» Task
Look through the lines below for the word "length", and copy every line that has it.

» Provided material
(* Let $A\subseteq\omega$ be a c.e. set of density $1$. Then the following are equivalent: (i) $A$ has a computable subset $B$ of density $1$; (ii) there is a function $w\le_T\emptyset'$ which witnesses that $A$ has density $1$.
   Context: For $S\subseteq\omega$ and $n>0$, $\rho_n(S)=|S\cap[0,n)|/n$; $S$ has density $1$ if $\lim_n\rho_n(S)=1$. A function $w:\omega\to\omega$ witnesses that $A$ has density $1$ if for all $k$ and all $n\ge w(k)$, $\rho_n(A)\ge1-2^{-k}$. *)

theory Defs
  imports Complex_Main "HOL-Library.Nat_Bijection"
begin

datatype recf =
    Rz
  | Rs
  | Rid nat
  | Rcn recf "recf list"
  | Rpr recf recf           \<comment> \<open>primitive recursion on first argument\<close>
  | Rmn recf
  | Ror                     \<comment> \<open>oracle query on first argument\<close>

inductive eval :: "(nat \<Rightarrow> nat) \<Rightarrow> recf \<Rightarrow> nat list \<Rightarrow> nat \<Rightarrow> bool" for g where
  eval_Z: "eval g Rz xs 0"
| eval_S: "eval g Rs (x # xs) (Suc x)"
| eval_Id: "i < length xs \<Longrightarrow> eval g (Rid i) xs (xs ! i)"
| eval_Cn: "length ys = length hs \<Longrightarrow> (\<forall>i < length hs. eval g (hs ! i) xs (ys ! i))
             \<Longrightarrow> eval g f ys z \<Longrightarrow> eval g (Rcn f hs) xs z"
| eval_Pr0: "eval g f xs y \<Longrightarrow> eval g (Rpr f h) (0 # xs) y"
| eval_PrS: "eval g (Rpr f h) (n # xs) y \<Longrightarrow> eval g h (n # y # xs) z
             \<Longrightarrow> eval g (Rpr f h) (Suc n # xs) z"
| eval_Mn: "eval g f (n # xs) 0 \<Longrightarrow> (\<forall>m < n. \<exists>y. eval g f (m # xs) y \<and> y \<noteq> 0)
             \<Longrightarrow> eval g (Rmn f) xs n"
| eval_Or: "eval g Ror (x # xs) (g x)"

fun enc :: "recf \<Rightarrow> nat" where
  "enc Rz = prod_encode (0, 0)"
| "enc Rs = prod_encode (1, 0)"
| "enc (Rid i) = prod_encode (2, i)"
| "enc (Rcn f hs) = prod_encode (3, prod_encode (enc f, list_encode (map enc hs)))"
| "enc (Rpr f h) = prod_encode (4, prod_encode (enc f, enc h))"
| "enc (Rmn f) = prod_encode (5, enc f)"
| "enc Ror = prod_encode (6, 0)"

definition chi :: "nat set \<Rightarrow> nat \<Rightarrow> nat" where
  "chi X x = (if x \<in> X then 1 else 0)"

definition computable_rel :: "(nat \<Rightarrow> nat) \<Rightarrow> (nat \<Rightarrow> nat) \<Rightarrow> bool" where
  "computable_rel g h \<longleftrightarrow> (\<exists>f. \<forall>x. eval g f [x] (h x))"

definition computable :: "(nat \<Rightarrow> nat) \<Rightarrow> bool" where
  "computable h \<longleftrightarrow> computable_rel (\<lambda>_. 0) h"

definition computable_set :: "nat set \<Rightarrow> bool" where
  "computable_set X \<longleftrightarrow> computable (chi X)"

definition ce :: "nat set \<Rightarrow> bool" where
  "ce X \<longleftrightarrow> (\<exists>f. \<forall>x. x \<in> X \<longleftrightarrow> (\<exists>y. eval (\<lambda>_. 0) f [x] y))"

definition halting_set :: "nat set" where
  "halting_set = {e. \<exists>f y. enc f = e \<and> eval (\<lambda>_. 0) f [e] y}"

definition turing_le :: "(nat \<Rightarrow> nat) \<Rightarrow> nat set \<Rightarrow> bool" where
  "turing_le h X \<longleftrightarrow> computable_rel (chi X) h"

definition rho :: "nat \<Rightarrow> nat set \<Rightarrow> real" where
  "rho n S = real (card (S \<inter> {0..<n})) / real n"

definition has_density_one :: "nat set \<Rightarrow> bool" where
  "has_density_one S \<longleftrightarrow> (\<lambda>n. rho n S) \<longlonglongrightarrow> 1"

definition witnesses_density_one :: "(nat \<Rightarrow> nat) \<Rightarrow> nat set \<Rightarrow> bool" where
  "witnesses_density_one w A \<longleftrightarrow>
     (\<forall>k n. n > 0 \<longrightarrow> n \<ge> w k \<longrightarrow> rho n A \<ge> 1 - 1 / 2 ^ k)"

» Response below
| eval_Id: "i < length xs \<Longrightarrow> eval g (Rid i) xs (xs ! i)"
| eval_Cn: "length ys = length hs \<Longrightarrow> (\<forall>i < length hs. eval g (hs ! i) xs (ys ! i))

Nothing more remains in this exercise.